Ponadto badania nad przywracaniem utraty wzroku stały się ogromnym punktem centralnym, a JDRF uruchomił Inicjatywę Moonshot w 2018 r., Której celem jest zmiana wiedzy i narzędzi, które posiadamy na temat chorób oczu związanych z cukrzycą, zarówno w celu zapobiegania, jak i regeneracji wzroku u osób z zaburzeniami sprawności ruchowej. . Inne ekscytujące prace są prowadzone przez naukowców, takich jak dr Jennifer Sun z Harvardu, zajmujących się cukrzycową chorobą siatkówki i opracowywaniem nowych biomarkerów do identyfikacji i leczenia tego powikłania.
Weź również zatwierdzenie przez FDA na początku 2019 roku preparatu Eylea, zastrzyku opracowanego przez Regeneron Pharmaceuticals do leczenia retinopatii od umiarkowanie ciężkiej do ciężkiej. Ten tak zwany lek anty-VEGF jest kluczowym lekiem pomagającym zapobiegać pogorszeniu się choroby oczu u niektórych osób z zaburzeniami czynności nerek z wczesnymi postaciami retinopatii. Jest to jedyny zatwierdzony inhibitor VEGF z dwiema opcjami dawkowania retinopatii, umożliwiający lekarzom dostosowanie leczenia do potrzeb pacjentów. Można go przyjmować co osiem tygodni po pięciu początkowych wstrzyknięciach miesięcznych lub co cztery tygodnie.

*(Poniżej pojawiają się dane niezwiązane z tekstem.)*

lemma range_two_residue_enum:
  assumes "0 < a" "a < b" "b \<le> d"
  shows "range (two_residue_enum d a b) = {x. 0 < x \<and> (x mod d = a mod d \<or> x mod d = b mod d)}"
proof (intro equalityI subsetI)
  fix x assume "x \<in> range (two_residue_enum d a b)"
  then show "x \<in> {x. 0 < x \<and> (x mod d = a mod d \<or> x mod d = b mod d)}"
    using assms by (auto simp: two_residue_enum_def)
next
  fix x assume "x \<in> {x. 0 < x \<and> (x mod d = a mod d \<or> x mod d = b mod d)}"
  then have "0 < x" and "x mod d = a mod d \<or> x mod d = b mod d" by auto
  then consider "x mod d = a mod d" | "x mod d = b mod d" by blast
  then show "x \<in> range (two_residue_enum d a b)"
  proof cases
    case 1
    then obtain q where "x = a + d * q"
      using residue_eq_add_mult[of x d a] assms \<open>0 < x\<close> by auto
    then have "x = two_residue_enum d a b (2 * q)" by (simp add: two_residue_enum_def)
    then show ?thesis by simp
  next
    case 2
    then obtain q where "x = b + d * q"
      using residue_eq_add_mult[of x d b] assms \<open>0 < x\<close> by auto
    then have "x = two_residue_enum d a b (2 * q + 1)" by (simp add: two_residue_enum_def)
    then show ?thesis by simp
  qed
qed

lemma ell_eq_card_partitions_with_parts:
  assumes "0 < a" "a < b" "b \<le> d"
  shows "ell d a b n = card (partitions_with_parts (range (two_residue_enum d a b)) n)"
  unfolding ell_def partitions_with_parts_def range_two_residue_enum[OF assms] is_partition_def
  by (rule arg_cong[where f = card]) auto

lemma two_residue_enum_le:
  "a1 \<le> a2 \<Longrightarrow> b1 \<le> b2 \<Longrightarrow> two_residue_enum d a1 b1 k \<le> two_residue_enum d a2 b2 k"
  by (simp add: two_residue_enum_def)

lemma shrinking_map_two_residue_enum:
  assumes "0 < a1" "a1 < b1" "b1 \<le> d" "a2 < b2" "b2 \<le> d" "a1 \<le> a2" "b1 \<le> b2"
  defines "e1 \<equiv> two_residue_enum d a1 b1" and "e2 \<equiv> two_residue_enum d a2 b2"
  shows "shrinking_map (range e2) (range e1) (e1 \<circ> inv e2) a1"
proof
  have "strict_mono e1" "strict_mono e2"
    unfolding e1_def e2_def using assms(1-7) strict_mono_two_residue_enum by auto
  then have inv_e2: "inv e2 (e2 k) = k" for k
    by (simp add: strict_mono_imp_inj_on)
  have "e1 0 = a1" by (simp add: e1_def two_residue_enum_def)
  show "strict_mono_on (range e2) (e1 \<circ> inv e2)"
    using \<open>strict_mono e1\<close> \<open>strict_mono e2\<close>
    by (auto intro!: strict_mono_onI simp: inv_e2 strict_mono_less)
  show "(e1 \<circ> inv e2) x \<in> range e1" for x by simp
  show "a1 \<le> (e1 \<circ> inv e2) x" for x
    using \<open>strict_mono e1\<close> \<open>e1 0 = a1\<close> by (metis comp_apply le0 strict_mono_less_eq)
  show "(e1 \<circ> inv e2) x \<le> x" if "x \<in> range e2" for x
  proof -
    from that obtain k where "x = e2 k" by blast
    then show ?thesis
      using two_residue_enum_le[OF assms(6,7)] by (simp add: inv_e2) (simp add: e1_def e2_def)
  qed
  show "a1 \<in> range e1" using \<open>e1 0 = a1\<close> by (metis rangeI)
  show "0 < a1" by fact
qed


lemma two_residue_enum_gap:
  assumes "0 < a1" "a1 < b1" "b1 \<le> d" "a2 < b2" "b2 \<le> d" "a1 \<le> a2" "b1 \<le> b2"
    and "(a1, b1) \<noteq> (a2, b2)"
  defines "e1 \<equiv> two_residue_enum d a1 b1" and "e2 \<equiv> two_residue_enum d a2 b2"
  obtains t v where "t \<in> range e1" "v \<in> range e1" "a1 < v" "v < t"
    and "\<And>x. x \<in> range e2 \<Longrightarrow> (e1 \<circ> inv e2) x = t \<Longrightarrow> t < x"
proof -
  have "strict_mono e1" "strict_mono e2"
    unfolding e1_def e2_def using assms(1-7) strict_mono_two_residue_enum by auto
  obtain j where "2 \<le> j" "e1 j < e2 j"
  proof (cases "a1 < a2")
    case True
    then show ?thesis using that[of 2] by (simp add: e1_def e2_def two_residue_enum_def)
  next
    case False
    with assms(6-8) have "b1 < b2" by auto
    then show ?thesis using that[of 3] by (simp add: e1_def e2_def two_residue_enum_def)
  qed
  show ?thesis
  proof (rule that[of "e1 j" "e1 1"])
    show "a1 < e1 1" using \<open>a1 < b1\<close> by (simp add: e1_def two_residue_enum_def)
    show "e1 1 < e1 j" using \<open>strict_mono e1\<close> \<open>2 \<le> j\<close> by (simp add: strict_mono_less)
    fix x assume "x \<in> range e2" "(e1 \<circ> inv e2) x = e1 j"
    then obtain k where "x = e2 k" "e1 k = e1 j"
      using \<open>strict_mono e2\<close> by (auto simp: strict_mono_imp_inj_on)
    then show "e1 j < x"
      using \<open>strict_mono e1\<close> \<open>e1 j < e2 j\<close> by (simp add: strict_mono_eq)
  qed simp_all
qed

theorem proposition1p4:
  fixes d a1 a2 b1 b2 :: nat
  assumes "d \<ge> 2"
    and "0 < a1" "a1 < b1" "b1 \<le> d"
    and "0 < a2" "a2 < b2" "b2 \<le> d"
    and "a1 \<le> a2" "b1 \<le> b2" "(a1, b1) \<noteq> (a2, b2)"
  shows "(\<forall>n\<ge>1. ell d a1 b1 n \<ge> ell d a2 b2 n) \<and>
         filterlim (\<lambda>n. int (ell d a1 b1 n) - int (ell d a2 b2 n)) at_top sequentially"
proof -
  define e1 where "e1 = two_residue_enum d a1 b1"
  define e2 where "e2 = two_residue_enum d a2 b2"
  interpret shrinking_map "range e2" "range e1" "e1 \<circ> inv e2" a1
    unfolding e1_def e2_def using assms by (intro shrinking_map_two_residue_enum) auto
  have ell: "ell d a1 b1 n = card (partitions_with_parts (range e1) n)"
    "ell d a2 b2 n = card (partitions_with_parts (range e2) n)" for n
    unfolding e1_def e2_def using assms by (auto intro: ell_eq_card_partitions_with_parts)
  obtain t v where "t \<in> range e1" "v \<in> range e1" "a1 < v" "v < t"
    and "\<And>x. x \<in> range e2 \<Longrightarrow> (e1 \<circ> inv e2) x = t \<Longrightarrow> t < x"
    using two_residue_enum_gap[of a1 b1 d a2 b2] assms unfolding e1_def e2_def by auto
  then have "filterlim (\<lambda>n. int (ell d a1 b1 n) - int (ell d a2 b2 n)) at_top sequentially"
    unfolding ell by (rule card_partitions_diff_tendsto_top)
  then show ?thesis using card_partitions_le by (simp add: ell)
qed

end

Jeśli chodzi o radzenie sobie ze strachem i nauczenie się, jak dobrze żyć z powikłaniami cukrzycy, istnieją inicjatywy prowadzone przez pacjentów, takie jak Diabetes Empowerment Summit, które pozwalają osobom z niepełnosprawnościami na podzielenie się swoimi doświadczeniami.
Jest wiele powodów do wdzięczności, nawet dla tych z nas, którzy już doświadczają retinopatii.
W tym celu możemy być wdzięczni za to, że żyjemy (z cukrzycą) w takim czasie, w jakim żyjemy.